Une première route et de l’électricité
Hafizou a tout de même utilisé son expérience au service du quartier. Il a été un délégué syndical actif, «pendant 15 ans, aux transports scolaires, je me suis battu pour les intégrations, pour le bien-être des employés. Maintenant, c’est pour la Vigie que je lutte.»
Et l’association a obtenu quelques belles victoires. «On a fait venir Madame le maire pour qu’elle voit comment les habitants vivent. On l’a convaincue.» Une première route bitumée monte désormais vers la Vigie. L’électrification a été financée par le Conseil général sur des fonds européens, des poteaux et des câbles tout neufs quadrillent le quartier.
Mais il manque encore tant de choses : un réseau d’eau potable sécurisé, l’assainissement et bien sûr, un réseau de routes digne de ce nom. «Il faut vraiment réhabiliter et aménager le quartier. Il est classé en zone insalubre, on attend des choses concrètes.»

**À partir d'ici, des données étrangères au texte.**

(* There exist absolute constants $c_1,c_2,C_0>0$ such that the following holds. Suppose $\delta\le e^{-1}$, $C_{n,\delta}\ge c_1\log(n/\delta)$, and $k\ge c_2\, b\,(C_{n,\delta}+1)\max\{\Omega_{\max},E_{\max}\}$. Then with probability at least $1-\delta$, for all pairs $i,j\in\{1,\dots,n\}$, $$\|\Delta\|_{(i,j)}^2\le C_0\,\Omega_{ij}\,|E_{ij}|\,\frac{b^2C_{n,\delta}^2}{k^2}.$$
   Context: $G=(V,E)$ is an undirected connected graph on $V=\{1,\dots,n\}$, each edge with a fixed orientation $(i,j)$; $B$ is the incidence matrix (column of edge $(i,j)$ has $+1$ in row $i$, $-1$ in row $j$), $L=BB^T$, $L^\dagger$ its Moore–Penrose pseudoinverse. Weights $w$ are positive with $b\ge\max_{i,j}w_i/w_j$. For each edge $(i,j)$, $k$ independent comparisons are made, $i$ winning each with probability $p_{ij}=w_i/(w_i+w_j)$ (independent across edges); $F_{ij}$ is the fraction won by $i$, $F_{ji}=1-F_{ij}$, $R_{ij}=F_{ij}/F_{ji}$, $\rho_{ij}=w_i/w_j$, $v_{ij}=\rho_{ij}+2+\rho_{ij}^{-1}$; $F,p,R,\rho\in\mathbb{R}^{|E|}$ stack these over edges, $V=\mathrm{diag}(v_{ij})$, and $\Delta:=\log R-\log\rho-V(F-p)$. For $Q_{ij}=(e_i-e_j)(e_i-e_j)^T$, $\|x\|_{(i,j)}^2=x^TB^TL^\dagger Q_{ij}L^\dagger Bx$. $\Omega_{ij}=(e_i-e_j)^TL^\dagger(e_i-e_j)$ is the effective resistance, $\Omega_{\max}=\max_{i,j}\Omega_{ij}$; $E_{ij}$ is the set of edges on at least one simple path from $i$ to $j$, $E_{\max}=\max_{i,j}|E_{ij}|$. $C_{n,\delta}$ is a parameter. *)

theory Defs
  imports "HOL-Probability.Probability"
begin

(* Real n x n matrices are functions nat => nat => real, relevant on {1..n}^2;
   vectors indexed by edges are functions (nat * nat) => real, relevant on E. *)

definition verts :: "nat \<Rightarrow> nat set" where
  "verts n = {1..n}"

(* undirected simple graph on {1..n} with a fixed orientation of every edge *)
definition oriented_simple_graph :: "nat \<Rightarrow> (nat \<times> nat) set \<Rightarrow> bool" where
  "oriented_simple_graph n E \<longleftrightarrow> E \<subseteq> verts n \<times> verts n \<and>
     (\<forall>(i,j)\<in>E. i \<noteq> j \<and> (j,i) \<notin> E)"

definition adj :: "(nat \<times> nat) set \<Rightarrow> nat \<Rightarrow> nat \<Rightarrow> bool" where
  "adj E u v \<longleftrightarrow> (u,v) \<in> E \<or> (v,u) \<in> E"

definition graph_connected :: "nat \<Rightarrow> (nat \<times> nat) set \<Rightarrow> bool" where
  "graph_connected n E \<longleftrightarrow>
     (\<forall>i\<in>verts n. \<forall>j\<in>verts n. (i,j) \<in> {(u,v). adj E u v}\<^sup>*)"

definition incidence :: "(nat \<times> nat) set \<Rightarrow> nat \<Rightarrow> nat \<times> nat \<Rightarrow> real" where
  "incidence E u e = (if e \<in> E then (if u = fst e then 1 else if u = snd e then -1 else 0) else 0)"

definition laplacian :: "(nat \<times> nat) set \<Rightarrow> nat \<Rightarrow> nat \<Rightarrow> real" where
  "laplacian E u v = (\<Sum>e\<in>E. incidence E u e * incidence E v e)"

definition mmul :: "nat \<Rightarrow> (nat \<Rightarrow> nat \<Rightarrow> real) \<Rightarrow> (nat \<Rightarrow> nat \<Rightarrow> real) \<Rightarrow> nat \<Rightarrow> nat \<Rightarrow> real" where
  "mmul n A C i j = (\<Sum>k\<in>verts n. A i k * C k j)"

definition mtrans :: "(nat \<Rightarrow> nat \<Rightarrow> real) \<Rightarrow> nat \<Rightarrow> nat \<Rightarrow> real" where
  "mtrans A i j = A j i"

definition is_pinv :: "nat \<Rightarrow> (nat \<Rightarrow> nat \<Rightarrow> real) \<Rightarrow> (nat \<Rightarrow> nat \<Rightarrow> real) \<Rightarrow> bool" where
  "is_pinv n A X \<longleftrightarrow>
     (\<forall>i j. (i \<notin> verts n \<or> j \<notin> verts n) \<longrightarrow> X i j = 0) \<and>
     (\<forall>i\<in>verts n. \<forall>j\<in>verts n.
        mmul n (mmul n A X) A i j = A i j \<and>
        mmul n (mmul n X A) X i j = X i j \<and>
        mtrans (mmul n A X) i j = mmul n A X i j \<and>
        mtrans (mmul n X A) i j = mmul n X A i j)"

definition pinv :: "nat \<Rightarrow> (nat \<Rightarrow> nat \<Rightarrow> real) \<Rightarrow> nat \<Rightarrow> nat \<Rightarrow> real" where
  "pinv n A = (THE X. is_pinv n A X)"

definition ediff :: "nat \<Rightarrow> nat \<Rightarrow> nat \<Rightarrow> real" where
  "ediff i j u = (if u = i then 1 else 0) - (if u = j then 1 else 0)"

definition Qmat :: "nat \<Rightarrow> nat \<Rightarrow> nat \<Rightarrow> nat \<Rightarrow> real" where
  "Qmat i j s t = ediff i j s * ediff i j t"

definition Bvec :: "(nat \<times> nat) set \<Rightarrow> ((nat \<times> nat) \<Rightarrow> real) \<Rightarrow> nat \<Rightarrow> real" where
  "Bvec E x u = (\<Sum>e\<in>E. incidence E u e * x e)"

definition pair_seminorm_sq :: "nat \<Rightarrow> (nat \<times> nat) set \<Rightarrow> nat \<Rightarrow> nat \<Rightarrow> ((nat \<times> nat) \<Rightarrow> real) \<Rightarrow> real" where
  "pair_seminorm_sq n E i j x =
     (let Lp = pinv n (laplacian E); a = Bvec E x; M = mmul n (mmul n Lp (Qmat i j)) Lp
      in \<Sum>u\<in>verts n. \<Sum>v\<in>verts n. a u * M u v * a v)"

definition eff_res :: "nat \<Rightarrow> (nat \<times> nat) set \<Rightarrow> nat \<Rightarrow> nat \<Rightarrow> real" where
  "eff_res n E i j = (\<Sum>s\<in>verts n. \<Sum>t\<in>verts n. ediff i j s * pinv n (laplacian E) s t * ediff i j t)"

definition eff_res_max :: "nat \<Rightarrow> (nat \<times> nat) set \<Rightarrow> real" where
  "eff_res_max n E = Max {eff_res n E i j | i j. i \<in> verts n \<and> j \<in> verts n}"

definition simple_path :: "(nat \<times> nat) set \<Rightarrow> nat \<Rightarrow> nat \<Rightarrow> nat list \<Rightarrow> bool" where
  "simple_path E i j ps \<longleftrightarrow> ps \<noteq> [] \<and> hd ps = i \<and> last ps = j \<and> distinct ps \<and>
     (\<forall>m. Suc m < length ps \<longrightarrow> adj E (ps ! m) (ps ! Suc m))"

definition edge_on_path :: "nat list \<Rightarrow> nat \<times> nat \<Rightarrow> bool" where
  "edge_on_path ps e \<longleftrightarrow> (\<exists>m. Suc m < length ps \<and>
     ((ps ! m, ps ! Suc m) = e \<or> (ps ! Suc m, ps ! m) = e))"

definition path_edges :: "(nat \<times> nat) set \<Rightarrow> nat \<Rightarrow> nat \<Rightarrow> (nat \<times> nat) set" where
  "path_edges E i j = {e \<in> E. \<exists>ps. simple_path E i j ps \<and> edge_on_path ps e}"

definition path_edges_max :: "nat \<Rightarrow> (nat \<times> nat) set \<Rightarrow> nat" where
  "path_edges_max n E = Max {card (path_edges E i j) | i j. i \<in> verts n \<and> j \<in> verts n}"
lemma sum_flow_expansion:
  fixes x s :: "nat \<Rightarrow> real" and f :: "nat \<Rightarrow> nat \<Rightarrow> real"
  shows "(\<Sum>k<n. ((x k + ((\<Sum>i<n. f i k) - (\<Sum>j<n. f k j)))^2 + x k + 2 * (\<Sum>i<n. f i k)) / s k)
    = (\<Sum>k<n. (x k^2 + x k) / s k)
      + (\<Sum>i<n. \<Sum>j<n. f i j * (2 * (x j / s j - x i / s i + 1 / s j)))
      + (\<Sum>k<n. (\<Sum>j<n. f j k - f k j)^2 / s k)"
proof -
  have expand: "((x k + (a - b))^2 + x k + 2 * a) / s k
      = (x k^2 + x k) / s k + (a * (2 * (x k / s k) + 2 / s k) - b * (2 * (x k / s k)))
        + (a - b)^2 / s k" for k a b
    by (simp add: power2_eq_square diff_divide_distrib add_divide_distrib algebra_simps)
  have inflow: "(\<Sum>k<n. (\<Sum>i<n. f i k) * c k) = (\<Sum>i<n. \<Sum>j<n. f i j * c j)" for c
    by (simp add: sum_distrib_right) (rule sum.swap)
  have outflow: "(\<Sum>k<n. (\<Sum>j<n. f k j) * d k) = (\<Sum>i<n. \<Sum>j<n. f i j * d i)" for d
    by (simp add: sum_distrib_right)
  have "(\<Sum>k<n. (\<Sum>i<n. f i k) * (2 * (x k / s k) + 2 / s k) - (\<Sum>j<n. f k j) * (2 * (x k / s k)))
      = (\<Sum>i<n. \<Sum>j<n. f i j * (2 * (x j / s j - x i / s i + 1 / s j)))"
    unfolding sum_subtractf inflow outflow
    by (simp add: algebra_simps flip: sum_subtractf)
  then show ?thesis
    by (simp add: expand sum.distrib sum_subtractf)
qed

Les jeunes du quartier, l’autre combat
Quant à l’aspect social de la vie du quartier, l’association fait, là encore, avec les moyens du bord. «C’est un quartier explosif. Avant, avec les jeunes, ça tournait mal. Mais on a parlé, on les a écoutés, on essaie de leur trouver des formations, de faire des animations. Je ne veux pas qu’on écrive que ce sont des voyous. Quand il y a des problèmes, on dit que ce sont des gens mauvais. Ce n’est pas vrai. S’ils avaient des choses à faire, ils ne penseraient pas à faire ce qui n’est pas bon.» Maintenant, Hafizou assure que le quartier a retrouvé son calme.
Le «Président» est respecté et apprécié pour son action mais aussi parce qu’il n’oublie jamais qui il est. Il vient de partir en vacances, à Anjouan, pour la première fois de sa vie. «Mon père vient de là-bas et je n’ai jamais eu l’occasion d’y aller. Maintenant, je sens que c’est le moment. Il faut que j’aille rencontrer la famille. J’ai fait la même chose, il y a quelques années, quand je me suis rendu à Nosy-Be. J’ai cherché et j’ai fini par y trouver de la famille. On a parlé, on a gardé des contacts. C’est important pour moi. Nous sommes tous des enfants de l’Océan indien.»